Conrad went to live in Bavaria, a wealthy state in West Germany. As he had no western education Conrad took a job on a car assembly line making AUDI cars. He married, but in his own words ‘never felt truly free’ until the Berlin Wall came down in 1989. However, he continued to feel more at home in Bavaria than in his birthplace in East Germany, blaming old hurts with his former colleagues, and hesitated even to visit his parents and brothers and sisters in East Germany

Throughout his life Conrad struggled with alcoholism and depression. When the wall fell he re-lived his fame a little in a museum in Berlin but as a portly, middle aged man was unrecognisable from his famous picture.

Tragically Conrad Schumann committed suicide in June 1998.

Instructions for Pupils

(These instructions are provided as a separate file, downloaded above, for easy copying)

1. Take a ‘Type of Person’ card from your teacher then collect sets of the ‘Push Factor’, ‘Pull Factor’ and ‘Stay in the East’ cards. Ignore any that do not apply to your character.

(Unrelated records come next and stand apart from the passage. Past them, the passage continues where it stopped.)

(* Let $b$ be a positive integer, let $p$ be an odd prime not dividing $b$, and let $T$ be the set of all integers of the form $p^k b'$ with $k\in\mathbb N$ and $b'$ an odd positive divisor of $b^n$ for some $n$. If $f,g\in\mathcal R_b$ satisfy $\mathrm{ev}_\xi(f)=\mathrm{ev}_\xi(g)$ for every root of unity $\xi$ whose order lies in $T$, then $f=g$.
   Context: $(q;q^2)_k=(1-q)(1-q^3)\cdots(1-q^{2k-1})$ and $\mathcal R_b=\varprojlim_k \mathbb Z[1/b][q]/((q;q^2)_k)$. For $f\in\mathcal R_b$ and a root of unity $\xi$ of odd order, $\mathrm{ev}_\xi(f)\in\mathbb Z[1/b][\xi]$ is obtained by substituting $q=\xi$ (well defined since the image of $(q;q^2)_k$ vanishes at $\xi$ for $k$ large). $\mathbb N=\{1,2,3,\dots\}$. *)

theory Defs
  imports Complex_Main "HOL-Computational_Algebra.Polynomial"
begin

definition Zinv :: "nat \<Rightarrow> rat set" where
  "Zinv b = {x. \<exists>(z::int) (n::nat). x = of_int z / of_nat (b ^ n)}"

definition Zinv_poly :: "nat \<Rightarrow> rat poly \<Rightarrow> bool" where
  "Zinv_poly b P \<longleftrightarrow> (\<forall>i. coeff P i \<in> Zinv b)"

definition Zinv_dvd :: "nat \<Rightarrow> rat poly \<Rightarrow> rat poly \<Rightarrow> bool" where
  "Zinv_dvd b D P \<longleftrightarrow> (\<exists>H. Zinv_poly b H \<and> P = D * H)"

definition qpoch :: "nat \<Rightarrow> rat poly" where
  "qpoch k = (\<Prod>i<k. 1 - monom 1 (2 * i + 1))"

text \<open>Elements of R_b = lim_k Z[1/b][q]/((q;q^2)_k), represented as compatible
  sequences of representatives: f k represents the image in Z[1/b][q]/((q;q^2)_k).\<close>
definition in_Rb :: "nat \<Rightarrow> (nat \<Rightarrow> rat poly) \<Rightarrow> bool" where
  "in_Rb b f \<longleftrightarrow> (\<forall>k. Zinv_poly b (f k)) \<and>
                  (\<forall>k. Zinv_dvd b (qpoch k) (f (Suc k) - f k))"

definition Rb_eq :: "nat \<Rightarrow> (nat \<Rightarrow> rat poly) \<Rightarrow> (nat \<Rightarrow> rat poly) \<Rightarrow> bool" where
  "Rb_eq b f g \<longleftrightarrow> (\<forall>k. Zinv_dvd b (qpoch k) (f k - g k))"

definition root_of_unity_order :: "complex \<Rightarrow> nat \<Rightarrow> bool" where
  "root_of_unity_order \<xi> m \<longleftrightarrow> m > 0 \<and> \<xi> ^ m = 1 \<and> (\<forall>j. 0 < j \<and> j < m \<longrightarrow> \<xi> ^ j \<noteq> 1)"

text \<open>ev_xi(f) for xi of odd order m: substitute q = xi into the representative at level m
  (since 2m-1 \<ge> m, (q;q^2)_m vanishes at xi, so this is the stable value).\<close>
definition ev :: "complex \<Rightarrow> nat \<Rightarrow> (nat \<Rightarrow> rat poly) \<Rightarrow> complex" where
  "ev \<xi> m f = poly (map_poly of_rat (f m)) \<xi>"

definition Tset :: "nat \<Rightarrow> nat \<Rightarrow> nat set" where
  "Tset b p = {p ^ k * b' | k b'. k \<ge> 1 \<and> odd b' \<and> b' > 0 \<and> (\<exists>n. b' dvd b ^ n)}"

end

theory Submission
  imports Defs "HOL-Computational_Algebra.Fundamental_Theorem_Algebra"
begin

(* Proof of Proposition 2.  Put h = f - g, a compatible sequence of Z[1/b]-polynomials;
   we must show that (q;q^2)_k divides h k in Z[1/b][q] for every k.

   Call an odd n "tail divisible" if for every e the polynomial (1 - q^n)^e divides h N
   in Z[1/b][q] for all large N.  Throughout, divisibility by D is detected p-adically:
   if D has leading coefficient +-1 and p does not divide b, then a polynomial lying in
   the ideal (D, p^t) for every t is divisible by D (lemma separation).

   1. Base case: every odd c dividing some b^K is tail divisible.  The polynomial
      W = (1 - q^(c p^j)) / (1 - q^c) is squarefree and its roots are roots of unity
      whose order lies in T, where h vanishes; hence W divides h N.  By the Frobenius
      congruence (1 - x)^p = 1 - x^p (mod p), W lies in ((1 - q^c)^e, p^t) for j = e + t.
   2. Induction step: if n is tail divisible and l is a prime not dividing b, then n l
      is tail divisible, because (1 - q^n)^l = 1 - q^(n l) (mod l).
   3. Hence every odd n is tail divisible; for n = 1 * 3 * ... * (2k-1) the polynomial
      (q;q^2)_k divides (1 - q^n)^k, so it divides h N for large N and therefore h k. *)

lemma Zinv_of_int [simp]: "of_int z \<in> Zinv b"
  unfolding Zinv_def by (rule CollectI, rule exI[of _ z], rule exI[of _ 0]) simp

lemma Zinv_0 [simp]: "0 \<in> Zinv b" and Zinv_1 [simp]: "1 \<in> Zinv b"
  using Zinv_of_int[of 0 b] Zinv_of_int[of 1 b] by simp_all

lemma Zinv_add:
  assumes "b > 0" "x \<in> Zinv b" "y \<in> Zinv b" shows "x + y \<in> Zinv b"
proof -
  obtain z n where x: "x = of_int z / of_nat (b ^ n)" using assms(2) unfolding Zinv_def by blast
  obtain w m where y: "y = of_int w / of_nat (b ^ m)" using assms(3) unfolding Zinv_def by blast
  have "x + y = of_int (z * int b ^ m + w * int b ^ n) / of_nat (b ^ (n + m))"
    using assms(1) by (simp add: x y field_simps power_add)
  then show ?thesis unfolding Zinv_def by blast
qed

lemma Zinv_mult:
  assumes "x \<in> Zinv b" "y \<in> Zinv b" shows "x * y \<in> Zinv b"
proof -
  obtain z n where x: "x = of_int z / of_nat (b ^ n)" using assms(1) unfolding Zinv_def by blast
  obtain w m where y: "y = of_int w / of_nat (b ^ m)" using assms(2) unfolding Zinv_def by blast
  have "x * y = of_int (z * w) / of_nat (b ^ (n + m))"
    by (simp add: x y power_add)
  then show ?thesis unfolding Zinv_def by blast
qed

lemma Zinv_uminus: "x \<in> Zinv b \<Longrightarrow> - x \<in> Zinv b"
  using Zinv_mult[OF Zinv_of_int[of "-1"]] by simp

lemma Zinv_diff: "b > 0 \<Longrightarrow> x \<in> Zinv b \<Longrightarrow> y \<in> Zinv b \<Longrightarrow> x - y \<in> Zinv b"
  using Zinv_add[OF _ _ Zinv_uminus] by simp

lemma Zinv_sum:
  assumes "b > 0" "\<And>i. i \<in> I \<Longrightarrow> f i \<in> Zinv b" shows "sum f I \<in> Zinv b"
  using assms(2) by (induction I rule: infinite_finite_induct) (auto intro: Zinv_add[OF assms(1)])

lemma Zinv_p_adic_zero:
  assumes b: "b > 0" and p: "prime p" "\<not> p dvd b" and r: "r \<in> Zinv b"
    and all: "\<forall>t. \<exists>s\<in>Zinv b. r = of_nat (p ^ t) * s"
  shows "r = 0"
proof -
  obtain z n where rz: "r = of_int z / of_nat (b ^ n)" using r unfolding Zinv_def by blast
  have "nat \<bar>z\<bar> < p ^ nat \<bar>z\<bar>"
    using less_exp[of "nat \<bar>z\<bar>"] power_mono[of 2 p "nat \<bar>z\<bar>"] prime_ge_2_nat[OF p(1)] by linarith
  then obtain t where t: "nat \<bar>z\<bar> < p ^ t" by blast
  obtain s where s: "s \<in> Zinv b" "r = of_nat (p ^ t) * s" using all by blast
  obtain w m where sw: "s = of_int w / of_nat (b ^ m)" using s(1) unfolding Zinv_def by blast
  have "of_int z / of_nat (b ^ n) = (of_nat (p ^ t) * of_int w / of_nat (b ^ m) :: rat)"
    using s(2) rz sw by simp
  then have "(of_int (z * int b ^ m) :: rat) = of_int (int p ^ t * w * int b ^ n)"
    using b by (simp add: field_simps)
  then have eq: "z * int b ^ m = int p ^ t * w * int b ^ n" by (simp only: of_int_eq_iff)
  have "int p ^ t dvd z * int b ^ m" unfolding eq by simp
  moreover have "coprime (int p ^ t) (int b ^ m)"
    using p by (simp add: prime_imp_coprime_nat coprime_power_left_iff coprime_power_right_iff)
  ultimately have "int p ^ t dvd z" using coprime_dvd_mult_left_iff by blast
  then have "z = 0 \<or> int p ^ t \<le> \<bar>z\<bar>" using dvd_imp_le_int by force
  moreover have "\<bar>z\<bar> < int p ^ t" using t by (metis int_nat_eq abs_ge_zero of_nat_less_iff of_nat_power)
  ultimately have "z = 0" by linarith
  then show ?thesis using rz by simp
qed
text \<open>Freud's conjecture for the weight \<open>e\<^sup>-\<^sup>x\<^sup>4\<close>: comparing \<open>limsup\<close> and \<open>liminf\<close> of
  \<open>b\<^sub>n / \<surd>n\<close> in the equation forces them to coincide.\<close>
lemma limit:
  shows "(\<lambda>n. b n / sqrt (real n)) \<longlonglongrightarrow> 1 / sqrt 12"
proof -
  define s where "s = (\<lambda>n. ereal (b n / sqrt (real n)))"
  have "s n \<le> ereal (1/2)" for n
    using le_half_sqrt[of n] nonneg[of n]
    by (cases "n = 0") (simp_all add: s_def field_simps)
  then have "Limsup sequentially s \<le> ereal (1/2)"
    by (intro Limsup_bounded always_eventually) auto
  moreover have "0 \<le> Liminf sequentially s"
    by (rule Liminf_bounded) (simp add: s_def nonneg)
  moreover have "Liminf sequentially s \<le> Limsup sequentially s"
    by (rule Liminf_le_Limsup) simp
  ultimately obtain l L where L: "Limsup sequentially s = ereal L"
    and l: "Liminf sequentially s = ereal l" and "0 \<le> l" "l \<le> L"
    by (cases "Limsup sequentially s"; cases "Liminf sequentially s") auto
  have upper: "4 * L * (2 * l + L) \<le> 1" and lower: "1 \<le> 4 * l * (2 * L + l)"
    using Limsup_le[of l L] Liminf_ge[of l L] l L \<open>0 \<le> l\<close> \<open>l \<le> L\<close> by (simp_all add: s_def)
  then have "L * L \<le> l * l" by (simp add: algebra_simps)
  then have "L \<le> l"
    using \<open>0 \<le> l\<close> power2_le_imp_le[of L l] by (simp add: power2_eq_square)
  with \<open>l \<le> L\<close> have "l = L" by simp
  with upper lower have "L * L = 1 / 12" by (simp add: algebra_simps)
  have "L = sqrt (L * L)" using \<open>0 \<le> l\<close> \<open>l = L\<close> by simp
  also have "\<dots> = 1 / sqrt 12" unfolding \<open>L * L = 1 / 12\<close> by (simp add: real_sqrt_divide)
  finally have "L = 1 / sqrt 12" .
  have "s \<longlonglongrightarrow> ereal L"
    by (rule Liminf_eq_Limsup) (simp_all add: L l \<open>l = L\<close>)
  with \<open>L = 1 / sqrt 12\<close> show ?thesis by (simp add: s_def)
qed

end


lemma ratio_Suc_tendsto_1_if_sqrt_asymptotic:
  fixes b :: "nat \<Rightarrow> real"
  assumes lim: "(\<lambda>n. b n / sqrt (real n)) \<longlonglongrightarrow> c" and c: "c > 0"
  shows "(\<lambda>n. b n / b (Suc n)) \<longlonglongrightarrow> 1"
proof -
  have "(\<lambda>n. (b n / sqrt (real n)) / (b (Suc n) / sqrt (real (Suc n)))
      * (sqrt (real n) / sqrt (real (Suc n)))) \<longlonglongrightarrow> c / c * 1"
    by (intro tendsto_intros lim LIMSEQ_Suc[OF lim]) (use c in \<open>simp_all, real_asymp\<close>)
  moreover have "eventually (\<lambda>n. (b n / sqrt (real n)) / (b (Suc n) / sqrt (real (Suc n)))
      * (sqrt (real n) / sqrt (real (Suc n))) = b n / b (Suc n)) sequentially"
    using eventually_gt_at_top[of 0] by eventually_elim (simp add: field_simps)
  ultimately show ?thesis using c by (simp add: tendsto_cong)
qed

lemma one_minus_inverse_power_ge_half: "1/2 \<le> (1 - 1 / (2 * real M + 2)) ^ M"
proof -
  have "1 + real M * (- 1 / (2 * real M + 2)) \<le> (1 + (- 1 / (2 * real M + 2))) ^ M"
    by (rule Bernoulli_inequality) (simp add: field_simps)
  moreover have "1/2 \<le> 1 + real M * (- 1 / (2 * real M + 2))" by (simp add: field_simps)
  ultimately have "1/2 \<le> (1 + (- 1 / (2 * real M + 2))) ^ M" by linarith
  then show ?thesis by simp
qed

lemma iterated_ratio_bound:
  fixes v :: "nat \<Rightarrow> real"
  assumes step: "\<And>i. i \<ge> N \<Longrightarrow> \<rho> * v (Suc i) \<le> v i" and "0 \<le> \<rho>" and "i \<ge> N"
  shows "\<rho> ^ d * v (i + d) \<le> v i"
  using \<open>i \<ge> N\<close>
proof (induction d arbitrary: i)
  case (Suc d)
  have "\<rho> ^ Suc d * v (i + Suc d) = \<rho> * (\<rho> ^ d * v (Suc i + d))" by simp
  also have "\<dots> \<le> \<rho> * v (Suc i)"
    using Suc.IH[of "Suc i"] Suc.prems \<open>0 \<le> \<rho>\<close> by (intro mult_left_mono) auto
  also have "\<dots> \<le> v i" by (rule step[OF Suc.prems])
  finally show ?case .
qed simp

text \<open>If consecutive ratios tend to \<open>1\<close>, the last \<open>M\<close> terms of a partial sum are all at least half
  the last term, for any fixed \<open>M\<close>.\<close>
lemma last_term_over_partial_sum_tendsto_0:
  fixes v :: "nat \<Rightarrow> real"
  assumes pos: "\<And>i. v i > 0" and ratio: "(\<lambda>i. v (Suc i) / v i) \<longlonglongrightarrow> 1"
  shows "(\<lambda>m. v m / (\<Sum>i\<le>m. v i)) \<longlonglongrightarrow> 0"
proof (rule LIMSEQ_I)
  fix e :: real assume e: "e > 0"
  define M where "M = nat \<lceil>2 / e\<rceil>"
  define \<rho> where "\<rho> = 1 - 1 / (2 * real M + 2)"
  have \<rho>: "0 < \<rho>" "\<rho> \<le> 1" by (auto simp: \<rho>_def field_simps)
  have "eventually (\<lambda>i. v (Suc i) / v i < 1 / \<rho>) sequentially"
    by (rule order_tendstoD(2)[OF ratio]) (use \<rho> in \<open>simp add: \<rho>_def field_simps\<close>)
  then obtain N where N: "\<And>i. i \<ge> N \<Longrightarrow> \<rho> * v (Suc i) \<le> v i"
    using pos \<rho> by (force simp: eventually_sequentially field_simps)
  show "\<exists>m0. \<forall>m\<ge>m0. norm (v m / (\<Sum>i\<le>m. v i) - 0) < e"
  proof (intro exI allI impI)
    fix m assume m: "m \<ge> N + M"
    have "v m / 2 \<le> v i" if "i \<in> {m - M..m}" for i
    proof -
      have "1/2 \<le> \<rho> ^ M" using one_minus_inverse_power_ge_half[of M] by (simp add: \<rho>_def)
      also have "\<dots> \<le> \<rho> ^ (m - i)" using that \<rho> by (intro power_decreasing) auto
      finally have "1/2 * v m \<le> \<rho> ^ (m - i) * v (i + (m - i))"
        using pos[of m] that by (simp add: mult_right_mono)
      also have "\<dots> \<le> v i"
        using that m \<rho> N by (intro iterated_ratio_bound[where N = N and \<rho> = \<rho> and v = v]) auto
      finally show ?thesis by simp
    qed
    then have "real (card {m - M..m}) * (v m / 2) \<le> (\<Sum>i\<in>{m - M..m}. v i)"
      by (rule sum_bounded_below)
    also have "\<dots> \<le> (\<Sum>i\<le>m. v i)" by (rule sum_mono2) (auto intro: less_imp_le pos)
    finally have "(real M + 1) * (v m / 2) \<le> (\<Sum>i\<le>m. v i)" using m by (simp add: add.commute)
    moreover have "(\<Sum>i\<le>m. v i) > 0" by (intro sum_pos pos) auto
    ultimately have "v m / (\<Sum>i\<le>m. v i) \<le> 2 / (real M + 1)"
      by (simp add: field_simps)
    also have "\<dots> < e"
    proof -
      have "2 / e < real M + 1" unfolding M_def by linarith
      then show ?thesis using e by (simp add: field_simps)
    qed
    finally show "norm (v m / (\<Sum>i\<le>m. v i) - 0) < e"
      using pos by (simp add: sum_nonneg less_imp_le)
  qed
qed

lemma eventually_all_less_le_sqrt:
  fixes b :: "nat \<Rightarrow> real"
  assumes lim: "(\<lambda>n. b n / sqrt (real n)) \<longlonglongrightarrow> c" and nonneg: "\<And>n. b n \<ge> 0" and "c' > c"
  shows "eventually (\<lambda>n. \<forall>k<n. b k \<le> c' * sqrt (real n)) sequentially"
proof -
  have "0 \<le> c" by (rule tendsto_lowerbound[OF lim]) (simp_all add: nonneg)
  with \<open>c' > c\<close> have "c' > 0" by simp
  obtain N0 where N0: "\<And>k. k \<ge> N0 \<Longrightarrow> b k / sqrt (real k) < c'"
    using order_tendstoD(2)[OF lim \<open>c' > c\<close>] by (auto simp: eventually_sequentially)
  define B where "B = (\<Sum>k\<le>N0. b k)"
  have bound: "b k \<le> c' * sqrt (real n)" if n: "n \<ge> max (Suc N0) (nat \<lceil>(B / c')\<^sup>2\<rceil>)" and "k < n" for n k
  proof (cases "k \<ge> N0 \<and> k > 0")
    case True
    then have "b k < c' * sqrt (real k)" using N0[of k] by (simp add: field_simps)
    also have "\<dots> \<le> c' * sqrt (real n)" using \<open>k < n\<close> \<open>c' > 0\<close> by (intro mult_left_mono) auto
    finally show ?thesis by simp
  next
    case False
    have "b k \<le> B" unfolding B_def using False nonneg by (intro member_le_sum) auto
    also have "B / c' \<le> sqrt (real n)"
      using n by (intro real_le_rsqrt) linarith
    then have "B \<le> c' * sqrt (real n)" using \<open>c' > 0\<close> by (simp add: field_simps)
    finally show ?thesis .
  qed
  show ?thesis
    by (intro eventually_sequentiallyI[of "max (Suc N0) (nat \<lceil>(B / c')\<^sup>2\<rceil>)"] allI impI bound)
qed


section \<open>Estimates in the complex plane\<close>

lemma norm_inverse_le_inverse_abs_Im:
  assumes "Im w \<noteq> 0"
  shows "cmod (inverse w) \<le> 1 / \<bar>Im w\<bar>"
proof -
  have "1 / cmod w \<le> 1 / \<bar>Im w\<bar>"
    using assms abs_Im_le_cmod[of w] by (intro divide_left_mono) (auto intro!: mult_pos_pos)
  then show ?thesis by (simp add: norm_inverse divide_inverse)
qed

lemma Im_mult_Im_inverse_nonpos: "Im w * Im (inverse w) \<le> 0"
  by (simp add: divide_nonpos_nonneg mult_nonneg_nonpos power2_eq_square)

text \<open>The invariant is that \<open>p\<^sub>k / p\<^sub>k\<^sub>+\<^sub>1\<close> lies in the closed half plane opposite to \<open>y\<close>; the map
  \<open>r \<mapsto> 1 / (y - b r)\<close> preserves it because \<open>b \<ge> 0\<close>.\<close>
lemma three_term_ratio_bound_half_plane:
  fixes p :: "nat \<Rightarrow> complex" and b :: "nat \<Rightarrow> real"
  assumes p0: "p 0 = 1" and p1: "p 1 = y"
    and rec: "\<And>k. p (Suc (Suc k)) = y * p (Suc k) - of_real (b (Suc k)) * p k"
    and nonneg: "\<And>k. b k \<ge> 0" and Im_y: "Im y \<noteq> 0"
  shows "p (Suc k) \<noteq> 0 \<and> cmod (p k / p (Suc k)) \<le> 1 / \<bar>Im y\<bar> \<and> Im y * Im (p k / p (Suc k)) \<le> 0"
proof (induction k)
  case 0
  have "y \<noteq> 0" using Im_y by auto
  then show ?case
    using norm_inverse_le_inverse_abs_Im[OF Im_y] Im_mult_Im_inverse_nonpos[of y] p0 p1
    by (simp add: divide_inverse)
next
  case (Suc k)
  define r where "r = p k / p (Suc k)"
  define z where "z = y - of_real (b (Suc k)) * r"
  have pz: "p (Suc (Suc k)) = p (Suc k) * z"
    using Suc.IH by (simp add: rec z_def r_def algebra_simps)
  have "Im y * Im z = (Im y)\<^sup>2 - b (Suc k) * (Im y * Im r)"
    by (simp add: z_def algebra_simps power2_eq_square)
  moreover have "b (Suc k) * (Im y * Im r) \<le> 0"
    using Suc.IH nonneg[of "Suc k"] by (simp add: r_def mult_nonneg_nonpos)
  ultimately have yz: "(Im y)\<^sup>2 \<le> Im y * Im z" by simp
  then have "\<bar>Im y\<bar> * \<bar>Im y\<bar> \<le> \<bar>Im y\<bar> * \<bar>Im z\<bar>"
    by (simp add: abs_mult[symmetric] power2_eq_square)
  then have Im_z: "\<bar>Im y\<bar> \<le> \<bar>Im z\<bar>" by (rule mult_left_le_imp_le) (use Im_y in simp)
  then have "Im z \<noteq> 0" using Im_y by auto
  then have z: "z \<noteq> 0" by auto
  have ratio: "p (Suc k) / p (Suc (Suc k)) = inverse z"
    using Suc.IH z by (simp add: pz divide_inverse)
  have "cmod (inverse z) \<le> 1 / \<bar>Im z\<bar>" by (rule norm_inverse_le_inverse_abs_Im) fact
  also have "\<dots> \<le> 1 / \<bar>Im y\<bar>" using Im_z Im_y by (intro divide_left_mono) auto
  finally have "cmod (p (Suc k) / p (Suc (Suc k))) \<le> 1 / \<bar>Im y\<bar>" using ratio by simp
  moreover have "Im y * Im (inverse z) \<le> 0"
    using Im_mult_Im_inverse_nonpos[of z] yz Im_y
    by (smt (verit) mult_less_0_iff zero_less_mult_iff zero_less_power2)
  ultimately show ?case using ratio Suc.IH z by (simp add: pz)
qed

2. Read your cards carefully and quietly take your decision. Are you going to stay in the East or risk an escape to the West? If you decide to escape, be careful about trusting anybody. THE EAST GERMAN SECURITY POLICE HAVE AGENTS AMONGST YOU. IF THEY FIND OUT WHAT YOU ARE PLANNING THEY WILL ARREST YOU AND YOU ARE THEN OUT OF THE GAME. If you can plan with somebody else without being caught the chances of getting across will be greatly improved.

3. If you have a card marked STASI OFFICER you can arrest somebody immediately they tell you their plan but this will stop anybody else from talking to you. Or you can wait until you have identified a few possible escapers and then arrest them all at once.

4. In the ten minutes talking time see what you can find out from others.

a) if you want to escape try to find a partner This could greatly enhance the chances of at least one of you making it across the wall.

b) If you decide to stay in the East you will gain extra rations (e.g. a chocolate bar from the STASI security police) if you can inform on someone who is planning to escape. Talk to people. Try to get them to trust you with their escape plans so you have information to give the STASI police.

5. When your teacher calls ‘Begin’ - escapes can be carried out and arrests can be made.

If arrested you must go quietly to the corner of the room.

If escaping - you must get past the guards to the other side of the classroom where the ‘goodies’ are waiting.

Running is not allowed by guards or escapers.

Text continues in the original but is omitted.